**Action item**
Say how many lines of the data below have the word "definition" in them. Add nothing else.

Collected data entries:
((

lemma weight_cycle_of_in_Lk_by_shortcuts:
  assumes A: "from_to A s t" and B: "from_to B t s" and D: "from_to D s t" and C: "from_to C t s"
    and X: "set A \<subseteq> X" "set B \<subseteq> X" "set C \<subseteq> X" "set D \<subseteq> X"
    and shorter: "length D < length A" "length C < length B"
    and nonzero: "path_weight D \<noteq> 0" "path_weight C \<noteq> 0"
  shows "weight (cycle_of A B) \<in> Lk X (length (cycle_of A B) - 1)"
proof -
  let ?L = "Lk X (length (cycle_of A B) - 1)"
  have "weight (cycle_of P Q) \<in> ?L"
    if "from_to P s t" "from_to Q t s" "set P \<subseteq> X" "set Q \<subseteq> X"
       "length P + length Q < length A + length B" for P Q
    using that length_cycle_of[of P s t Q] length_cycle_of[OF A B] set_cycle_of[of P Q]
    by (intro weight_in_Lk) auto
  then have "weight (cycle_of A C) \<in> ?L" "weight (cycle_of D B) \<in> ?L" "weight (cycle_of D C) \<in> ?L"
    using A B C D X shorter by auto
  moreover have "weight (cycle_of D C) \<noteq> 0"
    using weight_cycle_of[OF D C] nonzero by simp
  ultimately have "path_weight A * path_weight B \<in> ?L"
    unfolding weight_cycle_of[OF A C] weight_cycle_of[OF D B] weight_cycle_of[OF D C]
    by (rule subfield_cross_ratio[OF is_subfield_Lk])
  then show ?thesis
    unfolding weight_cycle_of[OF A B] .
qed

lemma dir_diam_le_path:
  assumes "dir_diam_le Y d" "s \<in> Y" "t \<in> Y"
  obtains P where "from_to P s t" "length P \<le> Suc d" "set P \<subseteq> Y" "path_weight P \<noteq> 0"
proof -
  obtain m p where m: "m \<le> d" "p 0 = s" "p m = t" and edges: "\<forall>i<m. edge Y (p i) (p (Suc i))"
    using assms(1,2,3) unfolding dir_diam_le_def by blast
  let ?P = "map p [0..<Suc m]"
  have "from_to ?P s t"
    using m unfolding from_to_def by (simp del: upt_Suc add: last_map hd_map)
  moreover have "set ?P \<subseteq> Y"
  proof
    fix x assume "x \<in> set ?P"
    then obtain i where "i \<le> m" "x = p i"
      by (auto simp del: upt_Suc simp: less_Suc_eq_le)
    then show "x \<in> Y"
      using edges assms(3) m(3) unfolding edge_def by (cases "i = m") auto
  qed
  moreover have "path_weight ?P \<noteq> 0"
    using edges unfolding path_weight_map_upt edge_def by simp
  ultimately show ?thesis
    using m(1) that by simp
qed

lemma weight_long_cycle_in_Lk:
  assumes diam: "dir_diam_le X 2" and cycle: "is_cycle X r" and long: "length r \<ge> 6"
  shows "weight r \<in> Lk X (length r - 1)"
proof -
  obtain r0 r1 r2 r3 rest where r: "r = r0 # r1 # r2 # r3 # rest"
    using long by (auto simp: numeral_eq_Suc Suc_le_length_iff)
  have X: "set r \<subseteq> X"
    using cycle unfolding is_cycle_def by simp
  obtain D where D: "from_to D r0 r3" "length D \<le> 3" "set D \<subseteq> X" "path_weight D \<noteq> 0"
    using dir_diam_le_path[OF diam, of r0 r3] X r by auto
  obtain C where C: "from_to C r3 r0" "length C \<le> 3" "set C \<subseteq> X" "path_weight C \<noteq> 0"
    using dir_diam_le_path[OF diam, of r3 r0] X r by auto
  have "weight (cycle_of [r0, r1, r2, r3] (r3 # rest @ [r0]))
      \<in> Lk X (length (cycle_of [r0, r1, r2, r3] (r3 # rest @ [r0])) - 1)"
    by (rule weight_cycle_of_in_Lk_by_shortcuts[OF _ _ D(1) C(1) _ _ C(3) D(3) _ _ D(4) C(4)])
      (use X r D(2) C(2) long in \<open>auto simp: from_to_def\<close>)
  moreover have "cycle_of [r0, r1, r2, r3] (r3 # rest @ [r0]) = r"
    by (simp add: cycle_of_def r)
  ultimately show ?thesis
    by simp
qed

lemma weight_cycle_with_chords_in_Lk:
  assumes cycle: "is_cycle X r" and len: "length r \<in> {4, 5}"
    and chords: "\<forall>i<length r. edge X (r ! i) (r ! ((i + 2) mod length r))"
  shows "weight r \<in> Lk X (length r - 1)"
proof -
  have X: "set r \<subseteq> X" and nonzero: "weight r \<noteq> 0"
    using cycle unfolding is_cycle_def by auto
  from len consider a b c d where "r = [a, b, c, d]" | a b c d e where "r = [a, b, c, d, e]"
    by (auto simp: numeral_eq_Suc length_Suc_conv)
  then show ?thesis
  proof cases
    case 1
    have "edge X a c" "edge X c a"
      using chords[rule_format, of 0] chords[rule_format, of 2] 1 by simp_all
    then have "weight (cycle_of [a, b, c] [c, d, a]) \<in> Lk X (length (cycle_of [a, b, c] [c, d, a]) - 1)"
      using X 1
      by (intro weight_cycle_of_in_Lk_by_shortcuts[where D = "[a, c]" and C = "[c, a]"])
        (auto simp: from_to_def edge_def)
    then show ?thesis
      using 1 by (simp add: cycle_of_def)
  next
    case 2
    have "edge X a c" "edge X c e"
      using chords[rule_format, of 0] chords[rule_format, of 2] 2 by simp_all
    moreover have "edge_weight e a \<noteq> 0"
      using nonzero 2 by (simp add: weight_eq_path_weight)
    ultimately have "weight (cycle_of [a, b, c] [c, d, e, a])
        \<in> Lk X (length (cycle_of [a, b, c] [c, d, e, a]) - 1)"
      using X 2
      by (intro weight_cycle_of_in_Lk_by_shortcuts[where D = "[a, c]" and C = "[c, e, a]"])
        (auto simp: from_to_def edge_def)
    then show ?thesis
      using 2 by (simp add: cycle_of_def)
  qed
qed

))
((

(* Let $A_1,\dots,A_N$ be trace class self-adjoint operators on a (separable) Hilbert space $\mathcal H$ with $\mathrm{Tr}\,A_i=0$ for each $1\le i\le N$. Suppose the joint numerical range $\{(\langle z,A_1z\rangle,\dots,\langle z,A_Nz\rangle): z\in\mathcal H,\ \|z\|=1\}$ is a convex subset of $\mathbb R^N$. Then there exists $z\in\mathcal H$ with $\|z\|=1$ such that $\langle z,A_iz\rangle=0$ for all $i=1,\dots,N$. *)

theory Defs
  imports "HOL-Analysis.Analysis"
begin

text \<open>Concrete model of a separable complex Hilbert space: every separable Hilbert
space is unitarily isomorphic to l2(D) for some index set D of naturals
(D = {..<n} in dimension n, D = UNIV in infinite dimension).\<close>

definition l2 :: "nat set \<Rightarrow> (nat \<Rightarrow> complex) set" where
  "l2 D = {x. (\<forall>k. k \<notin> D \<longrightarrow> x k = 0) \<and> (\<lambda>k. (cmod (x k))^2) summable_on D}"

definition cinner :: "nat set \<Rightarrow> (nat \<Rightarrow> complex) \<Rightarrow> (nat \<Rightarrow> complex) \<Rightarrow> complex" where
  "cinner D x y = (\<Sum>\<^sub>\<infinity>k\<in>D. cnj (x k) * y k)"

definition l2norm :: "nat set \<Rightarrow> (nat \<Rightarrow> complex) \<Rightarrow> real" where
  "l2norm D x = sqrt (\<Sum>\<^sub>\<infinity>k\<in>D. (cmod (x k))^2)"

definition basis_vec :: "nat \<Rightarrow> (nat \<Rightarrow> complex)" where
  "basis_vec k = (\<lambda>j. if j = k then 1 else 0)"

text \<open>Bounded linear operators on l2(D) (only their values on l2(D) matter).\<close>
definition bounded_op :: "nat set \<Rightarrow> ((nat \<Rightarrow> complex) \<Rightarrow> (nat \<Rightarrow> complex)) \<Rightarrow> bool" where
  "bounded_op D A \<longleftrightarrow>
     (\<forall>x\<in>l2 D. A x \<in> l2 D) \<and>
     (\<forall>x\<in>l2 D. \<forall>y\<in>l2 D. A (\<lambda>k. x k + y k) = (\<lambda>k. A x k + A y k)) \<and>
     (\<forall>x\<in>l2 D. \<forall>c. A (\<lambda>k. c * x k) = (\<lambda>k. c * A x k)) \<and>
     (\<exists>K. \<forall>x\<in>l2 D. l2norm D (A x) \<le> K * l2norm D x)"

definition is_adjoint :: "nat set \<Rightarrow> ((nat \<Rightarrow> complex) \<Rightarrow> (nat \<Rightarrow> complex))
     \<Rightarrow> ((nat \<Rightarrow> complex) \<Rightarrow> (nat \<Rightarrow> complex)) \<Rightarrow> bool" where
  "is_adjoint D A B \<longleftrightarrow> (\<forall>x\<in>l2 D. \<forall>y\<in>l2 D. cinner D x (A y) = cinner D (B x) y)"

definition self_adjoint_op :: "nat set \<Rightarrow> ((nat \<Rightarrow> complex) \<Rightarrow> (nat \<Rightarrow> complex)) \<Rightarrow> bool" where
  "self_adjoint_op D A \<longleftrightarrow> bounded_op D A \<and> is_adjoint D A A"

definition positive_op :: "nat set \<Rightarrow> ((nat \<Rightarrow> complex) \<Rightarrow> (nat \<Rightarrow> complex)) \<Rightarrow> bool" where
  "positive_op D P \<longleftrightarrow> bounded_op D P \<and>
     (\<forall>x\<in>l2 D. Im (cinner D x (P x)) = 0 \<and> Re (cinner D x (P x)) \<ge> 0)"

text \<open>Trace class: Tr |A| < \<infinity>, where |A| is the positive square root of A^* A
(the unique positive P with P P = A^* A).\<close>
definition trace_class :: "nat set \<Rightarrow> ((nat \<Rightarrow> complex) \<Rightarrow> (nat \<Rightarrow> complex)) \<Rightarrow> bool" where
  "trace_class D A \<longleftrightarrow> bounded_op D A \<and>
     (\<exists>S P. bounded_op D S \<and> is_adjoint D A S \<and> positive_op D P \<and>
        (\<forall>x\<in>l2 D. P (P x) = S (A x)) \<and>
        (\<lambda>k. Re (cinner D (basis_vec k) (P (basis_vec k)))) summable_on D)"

))

**Reply to the task**
9